### AIM OF THE EXERCISE
Below are records; quote them exactly from the first line through the line that contains "using assms by (simp add: field_simps)".

STORED DATA section start

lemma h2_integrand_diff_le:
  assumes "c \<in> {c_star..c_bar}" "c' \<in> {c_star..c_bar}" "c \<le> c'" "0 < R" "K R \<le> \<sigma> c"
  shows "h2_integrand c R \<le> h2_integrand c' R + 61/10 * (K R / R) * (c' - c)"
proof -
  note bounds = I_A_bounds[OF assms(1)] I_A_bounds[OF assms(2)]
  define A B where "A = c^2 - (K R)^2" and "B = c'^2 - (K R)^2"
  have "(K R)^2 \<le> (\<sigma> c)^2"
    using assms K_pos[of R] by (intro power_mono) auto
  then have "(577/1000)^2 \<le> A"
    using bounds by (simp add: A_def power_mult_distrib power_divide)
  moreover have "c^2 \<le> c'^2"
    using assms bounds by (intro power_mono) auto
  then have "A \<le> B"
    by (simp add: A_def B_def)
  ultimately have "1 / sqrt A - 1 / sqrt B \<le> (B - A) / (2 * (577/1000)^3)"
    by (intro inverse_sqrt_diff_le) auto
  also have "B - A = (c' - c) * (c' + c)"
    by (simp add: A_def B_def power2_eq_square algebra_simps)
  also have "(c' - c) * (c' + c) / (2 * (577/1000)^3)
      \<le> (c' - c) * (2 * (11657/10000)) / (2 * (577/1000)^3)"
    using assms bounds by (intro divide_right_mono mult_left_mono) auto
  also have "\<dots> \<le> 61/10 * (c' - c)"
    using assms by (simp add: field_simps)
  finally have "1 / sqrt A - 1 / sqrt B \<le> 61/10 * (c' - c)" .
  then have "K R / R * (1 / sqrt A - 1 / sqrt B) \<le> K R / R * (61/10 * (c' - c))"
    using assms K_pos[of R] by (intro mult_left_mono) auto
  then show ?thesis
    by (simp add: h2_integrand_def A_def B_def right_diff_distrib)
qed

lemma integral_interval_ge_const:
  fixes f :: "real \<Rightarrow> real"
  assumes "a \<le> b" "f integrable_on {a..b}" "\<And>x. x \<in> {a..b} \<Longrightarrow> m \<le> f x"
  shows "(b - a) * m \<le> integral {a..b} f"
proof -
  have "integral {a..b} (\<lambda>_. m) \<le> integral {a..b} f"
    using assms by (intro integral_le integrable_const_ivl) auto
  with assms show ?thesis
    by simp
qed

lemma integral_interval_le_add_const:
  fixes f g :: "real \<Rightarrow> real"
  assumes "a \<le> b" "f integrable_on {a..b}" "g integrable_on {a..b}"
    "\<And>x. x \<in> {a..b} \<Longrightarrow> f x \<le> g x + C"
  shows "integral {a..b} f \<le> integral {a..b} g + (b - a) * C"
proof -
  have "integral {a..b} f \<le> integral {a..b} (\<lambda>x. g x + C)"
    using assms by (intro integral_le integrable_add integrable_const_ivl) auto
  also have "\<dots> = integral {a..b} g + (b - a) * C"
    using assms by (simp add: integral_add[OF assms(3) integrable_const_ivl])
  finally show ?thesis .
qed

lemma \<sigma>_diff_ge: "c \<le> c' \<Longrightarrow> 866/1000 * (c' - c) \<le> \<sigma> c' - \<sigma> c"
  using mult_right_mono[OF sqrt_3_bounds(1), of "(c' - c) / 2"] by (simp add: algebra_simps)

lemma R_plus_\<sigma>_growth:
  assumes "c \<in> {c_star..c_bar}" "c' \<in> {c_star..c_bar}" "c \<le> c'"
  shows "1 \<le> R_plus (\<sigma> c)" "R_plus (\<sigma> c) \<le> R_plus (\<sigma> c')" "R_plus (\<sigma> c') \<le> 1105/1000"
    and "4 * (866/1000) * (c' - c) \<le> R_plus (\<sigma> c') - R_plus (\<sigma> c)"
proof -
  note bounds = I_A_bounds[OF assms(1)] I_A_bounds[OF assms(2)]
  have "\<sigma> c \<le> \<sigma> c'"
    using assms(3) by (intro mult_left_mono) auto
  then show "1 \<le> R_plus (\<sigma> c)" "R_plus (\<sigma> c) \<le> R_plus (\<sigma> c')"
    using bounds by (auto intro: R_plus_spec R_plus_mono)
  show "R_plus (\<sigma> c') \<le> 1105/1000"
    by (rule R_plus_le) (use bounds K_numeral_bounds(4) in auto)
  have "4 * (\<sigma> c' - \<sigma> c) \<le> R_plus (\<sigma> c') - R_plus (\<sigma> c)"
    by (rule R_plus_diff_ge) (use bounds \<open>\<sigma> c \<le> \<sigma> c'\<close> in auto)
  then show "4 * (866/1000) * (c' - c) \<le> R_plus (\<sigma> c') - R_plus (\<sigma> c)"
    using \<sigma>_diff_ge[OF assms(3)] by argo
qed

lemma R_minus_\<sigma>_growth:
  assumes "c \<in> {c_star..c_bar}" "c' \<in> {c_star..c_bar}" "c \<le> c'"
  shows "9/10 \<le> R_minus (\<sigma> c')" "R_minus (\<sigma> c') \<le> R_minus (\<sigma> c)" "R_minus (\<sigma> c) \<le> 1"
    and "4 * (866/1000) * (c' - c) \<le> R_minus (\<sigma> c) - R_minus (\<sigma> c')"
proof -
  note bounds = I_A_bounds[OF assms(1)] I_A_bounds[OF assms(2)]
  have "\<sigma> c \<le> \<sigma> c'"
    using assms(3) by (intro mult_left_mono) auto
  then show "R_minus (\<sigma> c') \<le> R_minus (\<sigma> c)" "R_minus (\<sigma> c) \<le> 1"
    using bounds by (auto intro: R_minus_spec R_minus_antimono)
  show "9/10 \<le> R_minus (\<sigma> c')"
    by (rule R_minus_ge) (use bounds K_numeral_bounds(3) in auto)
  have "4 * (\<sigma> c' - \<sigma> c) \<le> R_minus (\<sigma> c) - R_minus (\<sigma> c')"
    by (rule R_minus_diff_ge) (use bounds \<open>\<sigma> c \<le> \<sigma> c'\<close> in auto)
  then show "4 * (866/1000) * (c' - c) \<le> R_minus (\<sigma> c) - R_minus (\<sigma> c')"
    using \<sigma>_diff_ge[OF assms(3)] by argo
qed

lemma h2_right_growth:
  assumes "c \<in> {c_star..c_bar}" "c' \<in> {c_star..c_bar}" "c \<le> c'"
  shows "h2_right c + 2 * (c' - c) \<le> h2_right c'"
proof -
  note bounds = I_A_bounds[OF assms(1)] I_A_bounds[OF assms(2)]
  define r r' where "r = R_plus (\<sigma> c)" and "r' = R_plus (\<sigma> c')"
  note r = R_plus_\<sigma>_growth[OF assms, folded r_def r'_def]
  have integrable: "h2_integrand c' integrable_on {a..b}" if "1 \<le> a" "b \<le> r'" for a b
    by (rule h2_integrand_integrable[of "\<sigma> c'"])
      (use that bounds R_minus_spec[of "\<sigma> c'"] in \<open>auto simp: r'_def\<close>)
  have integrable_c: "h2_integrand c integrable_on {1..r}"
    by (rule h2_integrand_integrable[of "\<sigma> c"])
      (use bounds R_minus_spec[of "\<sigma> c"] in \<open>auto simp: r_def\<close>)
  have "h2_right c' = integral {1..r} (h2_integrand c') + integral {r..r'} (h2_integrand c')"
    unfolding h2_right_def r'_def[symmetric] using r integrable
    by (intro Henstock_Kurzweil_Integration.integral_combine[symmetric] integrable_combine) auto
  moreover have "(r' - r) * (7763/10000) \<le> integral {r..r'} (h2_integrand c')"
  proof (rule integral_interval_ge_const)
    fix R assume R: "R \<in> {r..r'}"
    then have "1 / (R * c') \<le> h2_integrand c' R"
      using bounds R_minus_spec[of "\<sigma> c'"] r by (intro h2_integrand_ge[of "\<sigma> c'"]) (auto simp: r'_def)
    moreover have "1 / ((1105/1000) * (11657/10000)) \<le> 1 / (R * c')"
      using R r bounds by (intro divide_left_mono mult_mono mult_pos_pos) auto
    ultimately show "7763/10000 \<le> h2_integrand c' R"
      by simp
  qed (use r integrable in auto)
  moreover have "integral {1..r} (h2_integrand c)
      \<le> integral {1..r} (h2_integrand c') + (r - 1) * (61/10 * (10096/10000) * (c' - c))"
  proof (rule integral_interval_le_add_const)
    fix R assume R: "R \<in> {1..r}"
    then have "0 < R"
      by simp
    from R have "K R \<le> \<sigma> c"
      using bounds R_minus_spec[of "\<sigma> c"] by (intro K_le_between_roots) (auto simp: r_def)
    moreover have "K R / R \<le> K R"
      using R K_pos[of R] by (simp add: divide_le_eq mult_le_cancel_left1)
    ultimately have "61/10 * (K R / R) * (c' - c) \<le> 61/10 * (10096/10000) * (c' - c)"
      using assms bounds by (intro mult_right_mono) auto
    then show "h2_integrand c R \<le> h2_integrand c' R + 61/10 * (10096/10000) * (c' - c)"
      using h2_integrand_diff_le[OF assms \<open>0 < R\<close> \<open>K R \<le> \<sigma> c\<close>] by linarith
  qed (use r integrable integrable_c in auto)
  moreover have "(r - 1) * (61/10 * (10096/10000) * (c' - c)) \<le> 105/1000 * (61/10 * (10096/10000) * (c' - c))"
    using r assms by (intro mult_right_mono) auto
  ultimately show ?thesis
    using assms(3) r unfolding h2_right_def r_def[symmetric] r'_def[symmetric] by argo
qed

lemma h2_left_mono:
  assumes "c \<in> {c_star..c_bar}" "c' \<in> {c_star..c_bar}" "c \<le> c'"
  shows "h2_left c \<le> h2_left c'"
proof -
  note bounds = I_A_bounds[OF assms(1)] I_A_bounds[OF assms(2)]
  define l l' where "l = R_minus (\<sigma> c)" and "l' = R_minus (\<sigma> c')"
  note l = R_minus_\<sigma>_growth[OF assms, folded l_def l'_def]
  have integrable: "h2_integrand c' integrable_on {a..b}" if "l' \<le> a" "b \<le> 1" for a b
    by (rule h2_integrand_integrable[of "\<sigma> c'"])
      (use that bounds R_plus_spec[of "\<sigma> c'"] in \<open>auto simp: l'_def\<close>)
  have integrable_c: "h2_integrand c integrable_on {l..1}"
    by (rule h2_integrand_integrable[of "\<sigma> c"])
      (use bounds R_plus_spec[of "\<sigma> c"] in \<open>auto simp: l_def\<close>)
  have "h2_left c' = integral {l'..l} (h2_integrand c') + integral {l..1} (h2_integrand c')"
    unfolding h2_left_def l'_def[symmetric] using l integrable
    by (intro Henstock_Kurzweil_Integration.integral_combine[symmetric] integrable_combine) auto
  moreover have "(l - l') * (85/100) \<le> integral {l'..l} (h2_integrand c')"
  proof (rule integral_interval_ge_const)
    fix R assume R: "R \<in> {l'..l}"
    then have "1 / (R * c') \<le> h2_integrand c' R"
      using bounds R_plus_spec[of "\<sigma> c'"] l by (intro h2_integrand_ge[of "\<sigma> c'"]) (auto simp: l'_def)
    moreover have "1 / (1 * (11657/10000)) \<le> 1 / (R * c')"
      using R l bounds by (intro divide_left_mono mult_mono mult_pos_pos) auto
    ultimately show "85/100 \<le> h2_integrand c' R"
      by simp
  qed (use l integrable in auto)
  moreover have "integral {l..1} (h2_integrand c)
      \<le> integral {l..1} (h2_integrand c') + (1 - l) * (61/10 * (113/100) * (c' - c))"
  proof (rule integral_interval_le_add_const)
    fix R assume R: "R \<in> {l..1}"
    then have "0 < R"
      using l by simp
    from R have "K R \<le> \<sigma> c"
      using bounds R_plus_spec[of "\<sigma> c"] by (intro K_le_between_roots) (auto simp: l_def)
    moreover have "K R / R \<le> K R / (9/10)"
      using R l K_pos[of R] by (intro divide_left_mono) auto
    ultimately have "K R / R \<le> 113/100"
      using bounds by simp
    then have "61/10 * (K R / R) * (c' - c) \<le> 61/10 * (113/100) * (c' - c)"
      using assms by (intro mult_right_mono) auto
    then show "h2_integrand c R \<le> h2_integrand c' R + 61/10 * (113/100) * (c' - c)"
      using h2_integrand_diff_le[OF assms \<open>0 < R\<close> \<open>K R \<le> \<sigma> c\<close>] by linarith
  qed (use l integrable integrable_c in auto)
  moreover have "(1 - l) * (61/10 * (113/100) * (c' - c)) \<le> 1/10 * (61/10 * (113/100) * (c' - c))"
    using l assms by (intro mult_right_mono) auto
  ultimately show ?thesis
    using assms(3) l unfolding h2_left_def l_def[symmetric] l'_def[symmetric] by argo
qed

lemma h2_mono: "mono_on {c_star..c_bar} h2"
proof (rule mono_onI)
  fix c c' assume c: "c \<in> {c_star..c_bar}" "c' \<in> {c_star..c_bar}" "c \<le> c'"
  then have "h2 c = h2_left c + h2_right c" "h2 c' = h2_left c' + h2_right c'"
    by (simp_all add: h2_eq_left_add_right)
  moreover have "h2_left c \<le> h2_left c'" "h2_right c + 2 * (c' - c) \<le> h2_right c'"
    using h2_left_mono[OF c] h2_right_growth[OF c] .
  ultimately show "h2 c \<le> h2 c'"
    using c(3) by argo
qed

STORED DATA section end

### RESPONSE AREA
lemma h2_integrand_diff_le:
  assumes "c \<in> {c_star..c_bar}" "c' \<in> {c_star..c_bar}" "c \<le> c'" "0 < R" "K R \<le> \<sigma> c"
  shows "h2_integrand c R \<le> h2_integrand c' R + 61/10 * (K R / R) * (c' - c)"
proof -
  note bounds = I_A_bounds[OF assms(1)] I_A_bounds[OF assms(2)]
  define A B where "A = c^2 - (K R)^2" and "B = c'^2 - (K R)^2"
  have "(K R)^2 \<le> (\<sigma> c)^2"
    using assms K_pos[of R] by (intro power_mono) auto
  then have "(577/1000)^2 \<le> A"
    using bounds by (simp add: A_def power_mult_distrib power_divide)
  moreover have "c^2 \<le> c'^2"
    using assms bounds by (intro power_mono) auto
  then have "A \<le> B"
    by (simp add: A_def B_def)
  ultimately have "1 / sqrt A - 1 / sqrt B \<le> (B - A) / (2 * (577/1000)^3)"
    by (intro inverse_sqrt_diff_le) auto
  also have "B - A = (c' - c) * (c' + c)"
    by (simp add: A_def B_def power2_eq_square algebra_simps)
  also have "(c' - c) * (c' + c) / (2 * (577/1000)^3)
      \<le> (c' - c) * (2 * (11657/10000)) / (2 * (577/1000)^3)"
    using assms bounds by (intro divide_right_mono mult_left_mono) auto
  also have "\<dots> \<le> 61/10 * (c' - c)"
    using assms by (simp add: field_simps)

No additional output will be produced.